# [INSTRUCTIONS TO FOLLOW]
Where does the word "lambda" appear in the entries below? Copy each line that holds it.

====== SUPPLIED MATERIAL

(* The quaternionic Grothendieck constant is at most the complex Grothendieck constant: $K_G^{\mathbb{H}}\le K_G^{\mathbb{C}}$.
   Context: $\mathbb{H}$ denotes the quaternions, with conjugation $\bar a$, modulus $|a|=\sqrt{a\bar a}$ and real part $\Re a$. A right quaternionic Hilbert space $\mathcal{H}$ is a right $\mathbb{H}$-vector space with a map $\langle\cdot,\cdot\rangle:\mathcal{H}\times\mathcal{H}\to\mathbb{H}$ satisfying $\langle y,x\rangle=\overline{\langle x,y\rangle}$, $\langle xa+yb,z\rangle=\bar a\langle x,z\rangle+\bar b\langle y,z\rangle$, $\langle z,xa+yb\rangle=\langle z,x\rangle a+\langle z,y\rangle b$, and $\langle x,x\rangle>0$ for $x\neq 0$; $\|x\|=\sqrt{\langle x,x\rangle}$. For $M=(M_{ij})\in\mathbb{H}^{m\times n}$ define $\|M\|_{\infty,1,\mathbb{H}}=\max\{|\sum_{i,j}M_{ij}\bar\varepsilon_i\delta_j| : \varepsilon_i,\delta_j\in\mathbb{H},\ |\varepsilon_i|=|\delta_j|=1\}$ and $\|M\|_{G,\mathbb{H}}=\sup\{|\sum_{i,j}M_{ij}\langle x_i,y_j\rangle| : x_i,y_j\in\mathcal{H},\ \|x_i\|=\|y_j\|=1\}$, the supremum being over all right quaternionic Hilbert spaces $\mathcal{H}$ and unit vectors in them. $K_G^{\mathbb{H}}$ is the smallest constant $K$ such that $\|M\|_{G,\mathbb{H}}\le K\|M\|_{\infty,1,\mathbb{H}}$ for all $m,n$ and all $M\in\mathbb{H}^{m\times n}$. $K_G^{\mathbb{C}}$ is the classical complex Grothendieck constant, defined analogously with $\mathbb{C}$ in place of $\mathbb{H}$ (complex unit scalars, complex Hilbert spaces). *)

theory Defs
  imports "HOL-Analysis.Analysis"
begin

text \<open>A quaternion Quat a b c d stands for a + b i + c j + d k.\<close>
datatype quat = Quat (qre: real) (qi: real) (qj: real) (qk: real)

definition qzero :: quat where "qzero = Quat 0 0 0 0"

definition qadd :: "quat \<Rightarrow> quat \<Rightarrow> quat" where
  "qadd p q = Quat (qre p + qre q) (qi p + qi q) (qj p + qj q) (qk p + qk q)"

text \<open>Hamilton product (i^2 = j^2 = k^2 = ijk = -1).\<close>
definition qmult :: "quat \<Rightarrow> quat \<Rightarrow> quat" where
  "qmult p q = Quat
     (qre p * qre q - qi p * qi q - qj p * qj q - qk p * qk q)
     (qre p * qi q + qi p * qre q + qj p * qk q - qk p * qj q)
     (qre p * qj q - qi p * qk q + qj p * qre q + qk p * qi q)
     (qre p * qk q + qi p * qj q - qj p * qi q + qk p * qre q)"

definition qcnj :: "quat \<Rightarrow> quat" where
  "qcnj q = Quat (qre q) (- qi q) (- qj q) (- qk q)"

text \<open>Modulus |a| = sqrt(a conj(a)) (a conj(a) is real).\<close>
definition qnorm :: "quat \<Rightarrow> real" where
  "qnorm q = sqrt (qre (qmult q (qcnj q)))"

============
====== SUPPLIED MATERIAL

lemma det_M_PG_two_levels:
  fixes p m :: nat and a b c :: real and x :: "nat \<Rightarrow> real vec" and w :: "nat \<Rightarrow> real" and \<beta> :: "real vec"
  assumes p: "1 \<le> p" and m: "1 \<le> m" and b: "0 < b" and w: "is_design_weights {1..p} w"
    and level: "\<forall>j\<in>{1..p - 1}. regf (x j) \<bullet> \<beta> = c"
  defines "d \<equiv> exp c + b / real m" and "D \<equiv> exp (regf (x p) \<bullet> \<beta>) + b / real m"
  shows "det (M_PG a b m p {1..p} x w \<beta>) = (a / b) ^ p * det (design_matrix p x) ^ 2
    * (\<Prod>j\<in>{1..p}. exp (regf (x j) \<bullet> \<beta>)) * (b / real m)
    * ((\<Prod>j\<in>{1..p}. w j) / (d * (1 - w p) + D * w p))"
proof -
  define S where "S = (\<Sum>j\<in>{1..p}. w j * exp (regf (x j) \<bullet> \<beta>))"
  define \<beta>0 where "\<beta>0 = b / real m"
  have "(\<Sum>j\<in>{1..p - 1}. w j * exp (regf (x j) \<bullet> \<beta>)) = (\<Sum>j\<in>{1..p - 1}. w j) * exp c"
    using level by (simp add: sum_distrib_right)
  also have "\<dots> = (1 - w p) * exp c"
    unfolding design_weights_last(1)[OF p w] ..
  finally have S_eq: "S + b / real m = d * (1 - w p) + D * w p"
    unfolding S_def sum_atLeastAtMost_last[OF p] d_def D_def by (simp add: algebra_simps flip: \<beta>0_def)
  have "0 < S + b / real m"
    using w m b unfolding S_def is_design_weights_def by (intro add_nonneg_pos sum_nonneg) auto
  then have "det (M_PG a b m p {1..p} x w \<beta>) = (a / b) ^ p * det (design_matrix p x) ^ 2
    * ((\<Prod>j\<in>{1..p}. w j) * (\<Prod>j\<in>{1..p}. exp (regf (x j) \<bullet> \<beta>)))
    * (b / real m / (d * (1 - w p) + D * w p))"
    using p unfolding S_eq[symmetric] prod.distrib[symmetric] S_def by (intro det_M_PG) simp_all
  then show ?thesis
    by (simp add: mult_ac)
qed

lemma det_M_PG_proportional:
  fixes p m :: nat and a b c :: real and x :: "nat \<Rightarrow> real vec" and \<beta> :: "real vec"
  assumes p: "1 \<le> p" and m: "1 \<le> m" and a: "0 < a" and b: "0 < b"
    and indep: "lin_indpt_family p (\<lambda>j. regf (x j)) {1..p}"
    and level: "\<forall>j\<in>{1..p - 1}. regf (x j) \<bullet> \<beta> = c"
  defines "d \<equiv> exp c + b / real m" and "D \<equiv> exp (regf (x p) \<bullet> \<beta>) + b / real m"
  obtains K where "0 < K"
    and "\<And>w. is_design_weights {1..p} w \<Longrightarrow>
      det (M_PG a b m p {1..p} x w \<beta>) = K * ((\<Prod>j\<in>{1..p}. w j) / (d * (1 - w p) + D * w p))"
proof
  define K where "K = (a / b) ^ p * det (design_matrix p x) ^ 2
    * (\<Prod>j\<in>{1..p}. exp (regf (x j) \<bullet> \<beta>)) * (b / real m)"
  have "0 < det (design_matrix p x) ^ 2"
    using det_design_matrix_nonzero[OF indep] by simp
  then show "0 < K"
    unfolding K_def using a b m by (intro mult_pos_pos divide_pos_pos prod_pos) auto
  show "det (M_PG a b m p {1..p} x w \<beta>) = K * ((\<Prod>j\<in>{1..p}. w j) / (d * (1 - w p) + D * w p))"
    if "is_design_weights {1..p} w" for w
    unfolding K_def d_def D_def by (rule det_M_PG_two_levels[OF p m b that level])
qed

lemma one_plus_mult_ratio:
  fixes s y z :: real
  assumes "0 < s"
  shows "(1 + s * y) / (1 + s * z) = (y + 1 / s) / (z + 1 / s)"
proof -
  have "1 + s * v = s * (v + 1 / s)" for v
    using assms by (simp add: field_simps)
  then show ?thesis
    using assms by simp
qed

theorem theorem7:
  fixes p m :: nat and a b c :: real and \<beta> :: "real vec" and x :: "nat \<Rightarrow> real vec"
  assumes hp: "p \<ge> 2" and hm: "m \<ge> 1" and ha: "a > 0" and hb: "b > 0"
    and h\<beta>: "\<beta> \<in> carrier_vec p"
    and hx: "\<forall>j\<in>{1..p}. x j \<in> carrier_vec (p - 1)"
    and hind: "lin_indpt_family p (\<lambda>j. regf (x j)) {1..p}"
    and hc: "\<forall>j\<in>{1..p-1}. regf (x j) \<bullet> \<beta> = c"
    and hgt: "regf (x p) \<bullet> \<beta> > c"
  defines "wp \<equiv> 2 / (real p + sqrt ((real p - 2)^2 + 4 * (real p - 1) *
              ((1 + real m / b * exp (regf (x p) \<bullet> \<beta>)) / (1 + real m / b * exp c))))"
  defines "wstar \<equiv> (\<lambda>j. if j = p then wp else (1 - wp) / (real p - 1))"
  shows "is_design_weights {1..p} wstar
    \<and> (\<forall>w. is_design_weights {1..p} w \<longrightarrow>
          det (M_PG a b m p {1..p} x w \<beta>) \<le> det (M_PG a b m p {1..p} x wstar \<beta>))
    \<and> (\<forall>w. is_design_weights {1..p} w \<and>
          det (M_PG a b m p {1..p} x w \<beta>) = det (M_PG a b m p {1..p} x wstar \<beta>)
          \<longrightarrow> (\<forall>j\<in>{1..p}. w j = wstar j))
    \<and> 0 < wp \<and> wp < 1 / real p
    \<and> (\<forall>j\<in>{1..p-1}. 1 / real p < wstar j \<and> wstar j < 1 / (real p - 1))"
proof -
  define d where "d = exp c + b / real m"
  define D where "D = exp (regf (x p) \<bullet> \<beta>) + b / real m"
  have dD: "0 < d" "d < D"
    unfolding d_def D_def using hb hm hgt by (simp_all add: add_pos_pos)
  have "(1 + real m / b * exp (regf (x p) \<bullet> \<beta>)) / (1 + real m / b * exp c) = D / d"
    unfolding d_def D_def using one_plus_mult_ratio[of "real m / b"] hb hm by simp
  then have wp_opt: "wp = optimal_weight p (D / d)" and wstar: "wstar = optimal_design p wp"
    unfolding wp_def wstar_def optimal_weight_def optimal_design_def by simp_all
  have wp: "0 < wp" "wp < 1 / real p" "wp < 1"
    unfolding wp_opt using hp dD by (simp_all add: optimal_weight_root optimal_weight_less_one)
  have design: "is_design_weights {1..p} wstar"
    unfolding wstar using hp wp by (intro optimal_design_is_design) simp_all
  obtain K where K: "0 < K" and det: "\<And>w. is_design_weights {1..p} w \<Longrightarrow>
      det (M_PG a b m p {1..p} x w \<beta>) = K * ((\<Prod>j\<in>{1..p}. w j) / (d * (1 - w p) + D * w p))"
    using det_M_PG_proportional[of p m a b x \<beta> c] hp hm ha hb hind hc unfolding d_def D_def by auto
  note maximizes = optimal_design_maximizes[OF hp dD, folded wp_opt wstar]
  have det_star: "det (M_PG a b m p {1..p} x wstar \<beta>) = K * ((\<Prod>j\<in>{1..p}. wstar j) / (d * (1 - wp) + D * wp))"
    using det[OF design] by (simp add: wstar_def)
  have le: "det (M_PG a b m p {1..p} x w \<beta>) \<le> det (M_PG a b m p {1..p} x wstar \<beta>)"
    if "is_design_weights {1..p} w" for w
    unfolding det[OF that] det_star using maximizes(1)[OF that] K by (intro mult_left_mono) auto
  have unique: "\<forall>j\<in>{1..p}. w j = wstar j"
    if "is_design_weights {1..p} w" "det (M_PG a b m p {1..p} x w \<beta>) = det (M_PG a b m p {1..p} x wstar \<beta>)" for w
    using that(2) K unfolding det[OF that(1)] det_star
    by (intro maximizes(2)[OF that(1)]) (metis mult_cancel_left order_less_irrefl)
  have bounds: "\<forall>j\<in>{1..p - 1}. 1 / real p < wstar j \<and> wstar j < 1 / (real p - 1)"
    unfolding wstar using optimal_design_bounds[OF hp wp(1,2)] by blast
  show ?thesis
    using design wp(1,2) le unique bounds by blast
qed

============

# [RESPONSE]
    and indep: "lin_indpt_family p (\<lambda>j. regf (x j)) {1..p}"
    and hind: "lin_indpt_family p (\<lambda>j. regf (x j)) {1..p}"
  defines "wstar \<equiv> (\<lambda>j. if j = p then wp else (1 - wp) / (real p - 1))"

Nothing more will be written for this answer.